AWS Marketplace rule groups have two possible actions: No override and Override to count. If you want to test the rule group, set the action to Override to count. This rule group action overrides any block action that is specified by individual rules contained within the group. That is, if the rule group's action is set to Override to count, instead of potentially blocking matching requests based on the action of individual rules within the group, those requests will be counted. Conversely, if you set the rule group's action to No override, actions of the individual rules within the group will be used.

Troubleshooting AWS Marketplace Rule Groups

If you find that an AWS Marketplace rule group is blocking legitimate traffic, perform the following steps.
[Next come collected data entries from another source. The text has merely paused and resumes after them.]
lemma (in vector_space) dim_eq_card_dual_basis:
  fixes b :: "'i \<Rightarrow> 'b" and \<phi> :: "'i \<Rightarrow> 'b \<Rightarrow> 'a"
  assumes I: "finite I"
    and linear: "\<And>j. j \<in> I \<Longrightarrow> Vector_Spaces.linear scale (*) (\<phi> j)"
    and dual: "\<And>i j. i \<in> I \<Longrightarrow> j \<in> I \<Longrightarrow> \<phi> j (b i) = (if i = j then 1 else 0)"
    and basis_in: "b ` I \<subseteq> V"
    and expansion: "\<And>v. v \<in> V \<Longrightarrow> v = (\<Sum>i\<in>I. scale (\<phi> i v) (b i))"
  shows "dim V = card I"
proof (rule dim_unique[OF basis_in])
  have inj: "inj_on b I"
    by (rule inj_onI) (metis dual one_neq_zero)
  have hom: "module_hom scale (*) (\<phi> j)" if "j \<in> I" for j
    using linear[OF that] by (simp add: Vector_Spaces.linear_def)
  have coeff: "\<phi> j (\<Sum>i\<in>I. scale (c i) (b i)) = c j" if "j \<in> I" for c j
  proof -
    have "\<phi> j (\<Sum>i\<in>I. scale (c i) (b i)) = (\<Sum>i\<in>I. c i * \<phi> j (b i))"
      by (simp add: module_hom.sum[OF hom[OF that]] module_hom.scale[OF hom[OF that]])
    also have "\<dots> = c j"
      using I that by (simp add: dual if_distrib cong: if_cong)
    finally show ?thesis .
  qed
  show "V \<subseteq> span (b ` I)"
  proof
    fix v assume "v \<in> V"
    then have "v = (\<Sum>i\<in>I. scale (\<phi> i v) (b i))" by (rule expansion)
    also have "\<dots> \<in> span (b ` I)" by (intro span_sum span_scale span_base) auto
    finally show "v \<in> span (b ` I)" .
  qed
  show "independent (b ` I)"
  proof (rule independent_if_scalars_zero)
    fix c x assume zero: "(\<Sum>x\<in>b ` I. scale (c x) x) = 0" and "x \<in> b ` I"
    then obtain j where j: "j \<in> I" "x = b j" by blast
    have "(\<Sum>i\<in>I. scale (c (b i)) (b i)) = 0"
      using zero by (simp add: sum.reindex[OF inj])
    then have "\<phi> j (\<Sum>i\<in>I. scale (c (b i)) (b i)) = 0"
      by (simp add: module_hom.zero[OF hom[OF j(1)]])
    then show "c x = 0" using coeff[OF j(1)] j by simp
  qed (use I in simp)
  show "card (b ` I) = card I" by (rule card_image[OF inj])
qed

lemma linear_coordinate: "Vector_Spaces.linear fsc (*) (\<lambda>v :: nat \<Rightarrow> 'k::field. v t)"
  by (simp add: linear_iff vector_space_fsc vector_space_field_mult fsc_def)

lemma kdim_coord_space:
  assumes "finite T"
  shows "kdim (coord_space T :: (nat \<Rightarrow> 'k::field) set) = card T"
  unfolding kdim_def
proof (rule fsc.dim_eq_card_dual_basis[where b = unit_vec and \<phi> = "\<lambda>t v. v t"])
  show "v = (\<Sum>t\<in>T. fsc (v t) (unit_vec t))" if "v \<in> coord_space T" for v :: "nat \<Rightarrow> 'k"
    by (rule coord_space_expansion[OF assms that])
qed (use assms linear_coordinate in \<open>auto simp: unit_vec_def coord_space_def\<close>)

definition coord_functional :: "nat \<Rightarrow> nat \<Rightarrow> (nat \<Rightarrow> 'k::field) \<Rightarrow> 'k" where
  "coord_functional m u = (\<lambda>x. if x \<in> kspace m then x u else 0)"

text \<open>\<open>dual_restrict m U \<mu>\<close> is \<open>\<mu>\<close> composed with the projection of \<open>k\<^sup>m\<close> onto the
  coordinates in \<open>U\<close>; for \<open>U\<close> the support of \<open>e\<^sub>j M e\<^sub>i\<close> these functionals form the
  \<open>DM\<close>-part \<open>D(e\<^sub>j M e\<^sub>i)\<close> of \<open>e\<^sub>i \<Lambda> e\<^sub>j\<close>.\<close>

definition dual_restrict :: "nat \<Rightarrow> nat set \<Rightarrow> ((nat \<Rightarrow> 'k::field) \<Rightarrow> 'k) \<Rightarrow> (nat \<Rightarrow> 'k) \<Rightarrow> 'k" where
  "dual_restrict m U \<mu> = (\<lambda>x. if x \<in> kspace m then \<mu> (restrict0 U x) else 0)"

lemma coord_functional_in_dualsp: "coord_functional m u \<in> dualsp m"
  by (auto simp: coord_functional_def dualsp_def kspace_def fsc_def)

lemma zero_in_dualsp: "0 \<in> dualsp m"
  by (simp add: dualsp_def)

lemma dualsp_sum_unit_vec:
  assumes "\<mu> \<in> dualsp m" "finite U" "U \<subseteq> {..<m}"
  shows "\<mu> (\<Sum>u\<in>U. fsc (c u) (unit_vec u)) = (\<Sum>u\<in>U. c u * \<mu> (unit_vec u))"
  using assms(2,3)
proof (induction U rule: finite_induct)
  case empty
  have "(0::nat \<Rightarrow> 'a) \<in> kspace m"
    by (simp add: kspace_def)
  then have "\<mu> (fsc 0 0) = 0 * \<mu> 0"
    using assms(1) unfolding dualsp_def by blast
  then show ?case by (simp add: fsc_def zero_fun_def)
next
  case (insert u U)
  have in_kspace: "fsc (c u) (unit_vec u) \<in> kspace m" "(\<Sum>u\<in>U. fsc (c u) (unit_vec u)) \<in> kspace m"
    using insert by (auto simp: kspace_def fsc_def unit_vec_def sum_fun_apply intro!: sum.neutral)
  moreover have "unit_vec u \<in> kspace m"
    using insert by (simp add: unit_vec_in_kspace)
  ultimately have additive: "\<mu> (fsc (c u) (unit_vec u) + (\<Sum>u\<in>U. fsc (c u) (unit_vec u)))
      = \<mu> (fsc (c u) (unit_vec u)) + \<mu> (\<Sum>u\<in>U. fsc (c u) (unit_vec u))"
    and homogeneous: "\<mu> (fsc (c u) (unit_vec u)) = c u * \<mu> (unit_vec u)"
    using assms(1) unfolding dualsp_def by blast+
  have "\<mu> (\<Sum>u\<in>insert u U. fsc (c u) (unit_vec u))
      = \<mu> (fsc (c u) (unit_vec u) + (\<Sum>u\<in>U. fsc (c u) (unit_vec u)))"
    by (simp only: sum.insert[OF insert.hyps])
  also have "\<dots> = c u * \<mu> (unit_vec u) + (\<Sum>u\<in>U. c u * \<mu> (unit_vec u))"
    using insert.IH insert.prems by (simp only: additive homogeneous) simp
  finally show ?case
    by (simp only: sum.insert[OF insert.hyps])
qed

lemma dual_restrict_expansion:
  fixes \<mu> :: "(nat \<Rightarrow> 'k::field) \<Rightarrow> 'k"
  assumes "\<mu> \<in> dualsp m" "finite U" "U \<subseteq> {..<m}"
  shows "dual_restrict m U \<mu> x = (\<Sum>u\<in>U. dual_restrict m U \<mu> (unit_vec u) * coord_functional m u x)"
proof (cases "x \<in> kspace m")
  case True
  have "restrict0 U x = (\<Sum>u\<in>U. fsc (x u) (unit_vec u))"
    using assms(2) by (auto simp: fun_eq_iff restrict0_def sum_fun_apply fsc_def unit_vec_def
        if_distrib cong: if_cong)
  then have "dual_restrict m U \<mu> x = (\<Sum>u\<in>U. x u * \<mu> (unit_vec u))"
    using True dualsp_sum_unit_vec[OF assms] by (simp add: dual_restrict_def)
  also have "\<dots> = (\<Sum>u\<in>U. dual_restrict m U \<mu> (unit_vec u) * coord_functional m u x)"
  proof (rule sum.cong)
    fix u assume "u \<in> U"
    then have "restrict0 U (unit_vec u) = (unit_vec u :: nat \<Rightarrow> 'k)"
      "(unit_vec u :: nat \<Rightarrow> 'k) \<in> kspace m"
      using assms(3) by (auto simp: restrict0_def unit_vec_apply intro: unit_vec_in_kspace)
    then have "dual_restrict m U \<mu> (unit_vec u) = \<mu> (unit_vec u)"
      by (simp add: dual_restrict_def)
    then show "x u * \<mu> (unit_vec u) = dual_restrict m U \<mu> (unit_vec u) * coord_functional m u x"
      using True by (simp add: coord_functional_def)
  qed simp
  finally show ?thesis .
qed (simp add: dual_restrict_def coord_functional_def)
To troubleshoot an AWS Marketplace rule group

  1. Exclude the specific rules that are blocking legitimate traffic. You can identify which rules are blocking which requests using the AWS WAF logs. For more information about excluding rules, see To exclude a rule from a rule group (Rule group exception).

  2. If excluding specific rules does not solve the problem, you can change the action for the AWS Marketplace rule group from No override to Override to count. This allows the web request to pass through, regardless of the individual rule actions within the rule group. This also provides you with Amazon CloudWatch metrics for the rule group.

  3. After setting the AWS Marketplace rule group action to Override to count, contact the rule group provider‘s customer support team to further troubleshoot the issue. For contact information, see the rule group listing on the product listing pages on AWS Marketplace.

Contacting Customer Support

For problems with AWS WAF or a rule group that is managed by AWS, contact AWS Support. For problems with a rule group that is managed by an AWS partner, contact that partner's customer support team. To find partner contact information, see the partner’s listing on AWS Marketplace.

Creating and Selling AWS Marketplace Rule Groups

If you want to sell AWS Marketplace rule groups on AWS Marketplace, see How to Sell Your Software on AWS Marketplace.